Wood [Photo: Facebook]

In honor of burger week, Eater decided to focus on fries, the trend-defying, long-time meat patty companion. Making these simple sticks of salty goodness requires more finesse than may be immediately apparent. It's one ingredient that's deep-fried, right? Yes, but as is often the case in the culinary world, simple dishes are anything but when it comes to execution. To find out what it takes to make a nirvana-inducing fry, Eater spoke to chef Ashlee Aubin from Backwoods at Wood, a late-night, take-out Belgian fry window in the bustling Lakeview neighborhood.

The idea for a take-away fry joint came about quite naturally. Aubin explains that although the area is heavily populated with bars, there were very few late night food options. So in an effort to right that wrong, they settled on a fry shack-style window designed to quickly dole out heaping cups of steaming fries to late night revelers. "We wanted to do something that could be done fast and be executed very well," he says, "and with fries you have one ingredient and you do one thing to it."

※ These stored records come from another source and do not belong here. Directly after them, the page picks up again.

lemma sum_orthogonal_family_norm:
  fixes g :: "'b \<Rightarrow> 'e \<Rightarrow> complex" and c :: "'b \<Rightarrow> real"
  assumes "finite I"
    and orth: "\<And>\<alpha> \<beta>. \<alpha>\<in>I \<Longrightarrow> \<beta>\<in>I \<Longrightarrow> (\<Sum>e\<in>E. g \<alpha> e * cnj (g \<beta> e)) = (if \<alpha> = \<beta> then of_real (c \<alpha>) else 0)"
  shows "(\<Sum>e\<in>E. (\<Sum>\<alpha>\<in>I. w \<alpha> * g \<alpha> e) * cnj (\<Sum>\<beta>\<in>I. w \<beta> * g \<beta> e)) = (\<Sum>\<alpha>\<in>I. w \<alpha> * cnj (w \<alpha>) * of_real (c \<alpha>))"
proof -
  have "(\<Sum>e\<in>E. (\<Sum>\<alpha>\<in>I. w \<alpha> * g \<alpha> e) * cnj (\<Sum>\<beta>\<in>I. w \<beta> * g \<beta> e)) =
      (\<Sum>e\<in>E. \<Sum>\<alpha>\<in>I. \<Sum>\<beta>\<in>I. w \<alpha> * cnj (w \<beta>) * (g \<alpha> e * cnj (g \<beta> e)))"
    unfolding cnj_sum by (unfold sum_distrib_right, unfold sum_distrib_left, simp add: ac_simps)
  also have "\<dots> = (\<Sum>\<alpha>\<in>I. \<Sum>\<beta>\<in>I. w \<alpha> * cnj (w \<beta>) * (\<Sum>e\<in>E. g \<alpha> e * cnj (g \<beta> e)))"
    unfolding sum_distrib_left by (subst sum.swap, rule sum.cong[OF refl], rule sum.swap)
  also have "\<dots> = (\<Sum>\<alpha>\<in>I. \<Sum>\<beta>\<in>I. if \<alpha> = \<beta> then w \<alpha> * cnj (w \<alpha>) * of_real (c \<alpha>) else 0)"
    by (intro sum.cong refl) (simp add: orth)
  also have "\<dots> = (\<Sum>\<alpha>\<in>I. w \<alpha> * cnj (w \<alpha>) * of_real (c \<alpha>))"
    using assms(1) by simp
  finally show ?thesis .
qed

text \<open>With \<open>s\<close> the orthogonal projection of \<open>f\<close> onto the span of the \<open>g \<alpha>\<close>, the claim is
  \<open>0 \<le> \<parallel>f - s\<parallel>\<^sup>2 = \<parallel>f\<parallel>\<^sup>2 - \<parallel>s\<parallel>\<^sup>2\<close>.\<close>

lemma bessel_inequality:
  fixes f :: "'e \<Rightarrow> complex" and g :: "'b \<Rightarrow> 'e \<Rightarrow> complex" and c :: "'b \<Rightarrow> real"
  assumes fin: "finite E" "finite I" and cpos: "\<And>\<alpha>. \<alpha>\<in>I \<Longrightarrow> c \<alpha> > 0"
    and orth: "\<And>\<alpha> \<beta>. \<alpha>\<in>I \<Longrightarrow> \<beta>\<in>I \<Longrightarrow> (\<Sum>e\<in>E. g \<alpha> e * cnj (g \<beta> e)) = (if \<alpha> = \<beta> then of_real (c \<alpha>) else 0)"
  shows "(\<Sum>\<alpha>\<in>I. (cmod (\<Sum>e\<in>E. f e * cnj (g \<alpha> e)))\<^sup>2 / c \<alpha>) \<le> (\<Sum>e\<in>E. (cmod (f e))\<^sup>2)"
proof -
  define F where "F \<alpha> = (\<Sum>e\<in>E. f e * cnj (g \<alpha> e))" for \<alpha>
  define w where "w \<alpha> = F \<alpha> / of_real (c \<alpha>)" for \<alpha>
  define s where "s e = (\<Sum>\<alpha>\<in>I. w \<alpha> * g \<alpha> e)" for e
  define B where "B = (\<Sum>\<alpha>\<in>I. (cmod (F \<alpha>))\<^sup>2 / c \<alpha>)"
  have fs: "(\<Sum>e\<in>E. f e * cnj (s e)) = of_real B"
  proof -
    have "(\<Sum>e\<in>E. f e * cnj (s e)) = (\<Sum>\<alpha>\<in>I. cnj (w \<alpha>) * F \<alpha>)"
      unfolding s_def F_def cnj_sum sum_distrib_left by (subst sum.swap) (simp add: ac_simps)
    then show ?thesis unfolding B_def w_def of_real_sum
      by (simp add: ac_simps complex_mult_cnj cmod_power2 flip: of_real_power)
  qed
  have "(\<Sum>e\<in>E. s e * cnj (s e)) = (\<Sum>\<alpha>\<in>I. w \<alpha> * cnj (w \<alpha>) * of_real (c \<alpha>))"
    unfolding s_def by (rule sum_orthogonal_family_norm[OF fin(2) orth])
  also have "\<dots> = of_real B"
    unfolding B_def of_real_sum
  proof (intro sum.cong refl)
    fix \<alpha> assume "\<alpha> \<in> I"
    then have "complex_of_real (c \<alpha>) \<noteq> 0" using cpos[of \<alpha>] by simp
    then show "w \<alpha> * cnj (w \<alpha>) * of_real (c \<alpha>) = of_real ((cmod (F \<alpha>))\<^sup>2 / c \<alpha>)"
      unfolding w_def of_real_divide complex_norm_square by (simp add: field_simps)
  qed
  finally have "(\<Sum>e\<in>E. s e * cnj (s e)) = of_real B" .
  moreover have "(\<Sum>e\<in>E. s e * cnj (f e)) = of_real B"
    using arg_cong[OF fs, of cnj] by (simp add: cnj_sum mult.commute)
  moreover have "(\<Sum>e\<in>E. (f e - s e) * cnj (f e - s e)) =
      (\<Sum>e\<in>E. f e * cnj (f e)) - (\<Sum>e\<in>E. f e * cnj (s e)) - (\<Sum>e\<in>E. s e * cnj (f e)) + (\<Sum>e\<in>E. s e * cnj (s e))"
    by (simp add: ring_distribs sum.distrib sum_subtractf)
  moreover have norm: "(\<Sum>e\<in>E. h e * cnj (h e)) = of_real (\<Sum>e\<in>E. (cmod (h e))\<^sup>2)" for h
    unfolding of_real_sum complex_norm_square ..
  ultimately have "of_real (\<Sum>e\<in>E. (cmod (f e - s e))\<^sup>2) = complex_of_real ((\<Sum>e\<in>E. (cmod (f e))\<^sup>2) - B)"
    using fs norm[of f] norm[of "\<lambda>e. f e - s e"] by simp
  then have "(\<Sum>e\<in>E. (cmod (f e - s e))\<^sup>2) = (\<Sum>e\<in>E. (cmod (f e))\<^sup>2) - B"
    using of_real_eq_iff by blast
  moreover have "(\<Sum>e\<in>E. (cmod (f e - s e))\<^sup>2) \<ge> 0" by (simp add: sum_nonneg)
  ultimately show ?thesis unfolding B_def F_def by linarith
qed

"You can take one bite into a fry, "he says, "and immediately tell if it's a good fry or not." When determining whether a fry is well-made or not, there are a couple things one should keep in mind: Exterior crunch and interior texture. Aubin states, "Is it poofy or squishy?more like a baked potato or a mashed potato." At Backwoods, they are designed to be crispy on the outside with a lighter, fluffier middle. "Ours have a long crunch with a fluffy almost hollow center," he says.

So how do they make the perfect fry? It's a full two-day process. "If you try to rush it, you will sacrifice an extra bit of that long-lasting crunch at the end." According to Aubin, classic Idaho russet and Kennebec potatoes (which they use when in season) are the best potatoes with which to make fries. "It's all about starch and water content," he explains, "You want to use really fresh, non-waxy potatoes and these are the best two examples." The potatoes are hand-cut and then soaked in water multiple times to pull the starch out. The fries are then thoroughly chilled before blanching and then chilling again. To finish, they are deep fried to order and tossed in salt before serving. Aubin even gives the salt extra thought—he uses a mixture of Kosher and Maldon Salt. "The kosher sticks to the fries and the Maldon gives a big pop of salt," he says.

And last, but not least, when are they best to eat? "Literally ten seconds out of the fryer," Aubin answers without hesitation. At Backwoods, that's when you get them.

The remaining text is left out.